Objective:To evaluate the short-term efficacy and safety of HA280 immunoadsorption (IA) column in idiopathic inflammatory myopathies (IIM).Methods:The clinical data of 72 patients with IIM admitted to the Department of Rheumatology of Xiangya No.2 Hospital of Central South University from January 2015 to March 2018 were analyzed. Of these patients, 22 patients were treated with HA280 immunoadsorption column for three times (the immunoadsorption group) and 50 patients were treated with drugs only (the control group). The changes of clinical symptoms and signs, autoimmune antibodies, myocardial enzyme spectrum, the inflammatory markers [erythrocyte sedimentation rate (ESR), C-reactive protein (CRP) and ferritin], immunoglobulin, complement, other biochemical indexes and pulmonary images of the patients were detected and analyzed before and after the treatment. And then the data were analyzed by Chi-square test, samples t testand Wilcoxon rank sum test. Results:Compared with the control group, the symptoms and signs were obviously improved after treatment with HA280 immunoadsorption column.

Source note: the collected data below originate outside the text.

lemma DERIV_x_besselI1: "((\<lambda>x. x * besselI 1 x) has_real_derivative x * besselI 0 x) (at x)"
proof -
  have eq: "(\<lambda>x. x * besselI 1 x) = (\<lambda>x. 2 * (\<Sum>k. (x/2)^(2*k+2) / (fact k * fact (k+1))))"
  proof (rule ext)
    fix y :: real
    have "y * besselI 1 y = (\<Sum>k. y * ((y/2)^(2*k+1) / (fact k * fact (k+1))))"
      unfolding besselI_def by (rule suminf_mult[symmetric, OF summable_besselI])
    also have "\<dots> = (\<Sum>k. 2 * ((y/2)^(2*k+2) / (fact k * fact (k+1))))"
    proof (rule arg_cong[where f=suminf], rule ext)
      fix k
      have "y * (y/2)^(2*k+1) = 2 * ((y/2) * (y/2)^(2*k+1))" by simp
      also have "(y/2) * (y/2)^(2*k+1) = (y/2)^(2*k+2)" by simp
      finally show "y * ((y/2)^(2*k+1) / (fact k * fact (k+1))) = 2 * ((y/2)^(2*k+2) / (fact k * fact (k+1)))"
        by simp
    qed
    also have "\<dots> = 2 * (\<Sum>k. (y/2)^(2*k+2) / (fact k * fact (k+1)))"
      by (rule suminf_mult[OF bessel_power_series(1)])
    finally show "y * besselI 1 y = 2 * (\<Sum>k. (y/2)^(2*k+2) / (fact k * fact (k+1)))" .
  qed
  have "2 * (\<Sum>k. real (2*k+2)/2 * (x/2)^(2*k+2-1) / (fact k * fact (k+1)))
        = (\<Sum>k. 2 * (real (2*k+2)/2 * (x/2)^(2*k+2-1) / (fact k * fact (k+1))))"
  proof (rule suminf_mult[symmetric],
      rule summable_comparison_test'[OF summable_power_fact_majorant[of "\<bar>x\<bar>+2" 2], of 0])
    fix n :: nat
    show "norm (real (2*n+2)/2 * (x/2)^(2*n+2-1) / (fact n * fact (n+1)))
        \<le> (\<bar>x\<bar>+2)^2 * ((\<bar>x\<bar>+2)^2)^n / fact n"
      using bessel_term_deriv_bound[of x "\<bar>x\<bar>+2" n 2 1] by simp
  qed
  also have "\<dots> = (\<Sum>k. x * ((x/2)^(2*k+0) / (fact k * fact (k+0))))"
  proof (rule arg_cong[where f=suminf], rule ext)
    fix k
    have exponent: "2*k+2-1 = Suc (2*k+0)" by simp
    have coefficient: "real (2*k+2)/2 = real (Suc k)" by simp
    have fact_step: "fact (k+1) = real (Suc k) * (fact k::real)" by simp
    have power_step: "(x/2)^Suc (2*k+0) = (x/2) * (x/2)^(2*k+0)" by simp
    show "2 * (real (2*k+2)/2 * (x/2)^(2*k+2-1) / (fact k * fact (k+1))) = x * ((x/2)^(2*k+0) / (fact k * fact (k+0)))"
      unfolding exponent coefficient fact_step power_step by simp
  qed
  also have "\<dots> = x * besselI 0 x"
    unfolding besselI_def by (rule suminf_mult[OF summable_besselI])
  finally have series_eq: "2 * (\<Sum>k. real (2*k+2)/2 * (x/2)^(2*k+2-1) / (fact k * fact (k+1))) = x * besselI 0 x" .
  show ?thesis unfolding eq series_eq[symmetric]
    by (intro DERIV_cmult bessel_power_series(2))
qed

lemma integral_truncation:
  fixes g :: "real \<Rightarrow> real"
  assumes "continuous_on {0..} g"
  shows "integral {0..} (\<lambda>t. if t \<in> {0..real N} then g t else 0) = integral {0..real N} g"
    and "(\<lambda>t. if t \<in> {0..real N} then g t else 0) integrable_on {0..}"
proof -
  have "g integrable_on {0..real N}"
    by (rule integrable_continuous_interval, rule continuous_on_subset[OF assms]) auto
  then show "(\<lambda>t. if t \<in> {0..real N} then g t else 0) integrable_on {0..}"
    using has_integral_restrict[of "{0..real N}" "{0..}" g] unfolding integrable_on_def by auto
  show "integral {0..} (\<lambda>t. if t \<in> {0..real N} then g t else 0) = integral {0..real N} g"
    by (subst integral_restrict_Int) (simp add: Int_absorb2)
qed

lemma dominated_integral_truncation:
  fixes g h :: "real \<Rightarrow> real"
  assumes g: "continuous_on {0..} g" and h: "h integrable_on {0..}"
    and dom: "\<And>t. 0 \<le> t \<Longrightarrow> \<bar>g t\<bar> \<le> h t"
  shows "g integrable_on {0..}" and "(\<lambda>N. integral {0..real N} g) \<longlonglongrightarrow> integral {0..} g"
proof -
  let ?f = "\<lambda>N t. if t \<in> {0..real N} then g t else 0"
  have pointwise: "(\<lambda>N. ?f N t) \<longlonglongrightarrow> g t" if "t \<in> {0..}" for t
  proof (rule tendsto_eventually, rule eventually_mono[OF eventually_ge_at_top[of "nat \<lceil>t\<rceil>"]])
    fix N assume "nat \<lceil>t\<rceil> \<le> N"
    then have "t \<le> real N" using real_nat_ceiling_ge[of t] by linarith
    then show "?f N t = g t" using that by auto
  qed
  have bounded: "norm (?f N t) \<le> h t" if "t \<in> {0..}" for N t
    using dom[of t] that by auto
  note lim = dominated_convergence[of ?f "{0..}" h g, OF integral_truncation(2)[OF g] h bounded pointwise]
  show "g integrable_on {0..}" by (rule lim(1))
  show "(\<lambda>N. integral {0..real N} g) \<longlonglongrightarrow> integral {0..} g"
    using lim(2) unfolding integral_truncation(1)[OF g] .
qed

lemma integral_truncation_tail_bound:
  fixes g h :: "real \<Rightarrow> real"
  assumes g: "continuous_on {0..} g" and h: "h integrable_on {0..}" "continuous_on {0..} h"
    and dom: "\<And>t. 0 \<le> t \<Longrightarrow> \<bar>g t\<bar> \<le> h t"
  shows "\<bar>integral {0..} g - integral {0..real N} g\<bar> \<le> integral {0..} h - integral {0..real N} h"
proof -
  let ?f = "\<lambda>g t. if t \<in> {0..real N} then g t else 0"
  have gi: "g integrable_on {0..}" by (rule dominated_integral_truncation(1)[OF g h(1) dom])
  note gN = integral_truncation[OF g, of N] and hN = integral_truncation[OF h(2), of N]
  have "integral {0..} g - integral {0..real N} g = integral {0..} (\<lambda>t. g t - ?f g t)"
    by (simp only: integral_diff[OF gi gN(2)] gN(1))
  also have "\<bar>\<dots>\<bar> \<le> integral {0..} (\<lambda>t. h t - ?f h t)"
    using integral_norm_bound_integral[OF integrable_diff[OF gi gN(2)] integrable_diff[OF h(1) hN(2)]]
      dom by fastforce
  also have "\<dots> = integral {0..} h - integral {0..real N} h"
    by (simp only: integral_diff[OF h(1) hN(2)] hN(1))
  finally show ?thesis .
qed

lemma uniform_integral_truncation:
  fixes g :: "'a \<Rightarrow> real \<Rightarrow> real" and h :: "real \<Rightarrow> real"
  assumes g: "\<And>y. y \<in> S \<Longrightarrow> continuous_on {0..} (g y)"
    and h: "h integrable_on {0..}" "continuous_on {0..} h"
    and dom: "\<And>y t. y \<in> S \<Longrightarrow> 0 \<le> t \<Longrightarrow> \<bar>g y t\<bar> \<le> h t"
    and "0 < e"
  shows "\<forall>\<^sub>F N in sequentially. \<forall>y\<in>S. \<bar>integral {0..} (g y) - integral {0..real N} (g y)\<bar> < e"
proof (cases "S = {}")
  case False
  then obtain y0 where "y0 \<in> S" by blast
  then have "\<bar>h t\<bar> \<le> h t" if "0 \<le> t" for t
    using dom[of y0 t] that by linarith
  then have "(\<lambda>N. integral {0..real N} h) \<longlonglongrightarrow> integral {0..} h"
    by (rule dominated_integral_truncation(2)[OF h(2) h(1)])
  then have "\<forall>\<^sub>F N in sequentially. integral {0..} h - integral {0..real N} h < e"
    using \<open>0 < e\<close> by (auto dest: tendstoD simp: dist_real_def eventually_mono)
  then show ?thesis
  proof eventually_elim
    case (elim N)
    show ?case
    proof
      fix y assume "y \<in> S"
      from integral_truncation_tail_bound[OF g[OF this] h dom[OF this], of N] elim
      show "\<bar>integral {0..} (g y) - integral {0..real N} (g y)\<bar> < e" by linarith
    qed
  qed
qed simp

In particular, the clinical improvement rate of non-specific myositis (89%, 16/18) was higher than that of the control group [(58%, 22/38), χ2=5.379, P<0.05]. And the clearance of autoantibody (control group) was grade 39.41 in average, 28.38 in average in the immunoadsorption group( Z=-2.51, P=0.01), myocardial enzyme spectrum [control 717(1 564) U/L, immunoadsorption group 126(432) U/L , Z=3.09, P<0.01], the inflammatory markers such as ESR [the control group was 24(22) mm/1 h, the immunoadsorption group was 10(7) mm/1 h, Z=-3.0, P=0.003] and immunoglobulin G [the control group was 11(5) g/L, the immunoadsorption group was 9(2) g/L, Z=-4.8, P=0.001] and immunoglobulin M [the control group was 0.9(0.4) g/L, the immunoadsorption group was 1.2(0.8) g/L, Z=-2.0, P=0.05]. Moreover, the lung CT scan showed that pulmonary lesions of the patients in the immunoadsorption group (89%, 17/19) was much more improved than the control group [(61%, 27/44), χ2=4.98, P<0.05]. No serious adverse reactions occurred. Conclusion:HA280 immunoadsorption therapy can significantly clear the autoantibodies, decrease muscle enzymes, inflammatory markers and immunoglobulin, improve lung images of some patients in a short time. It has been shown that it is safein patients with IIM. HA280 immunoadsorption therapy could be an effective treatment for IIM.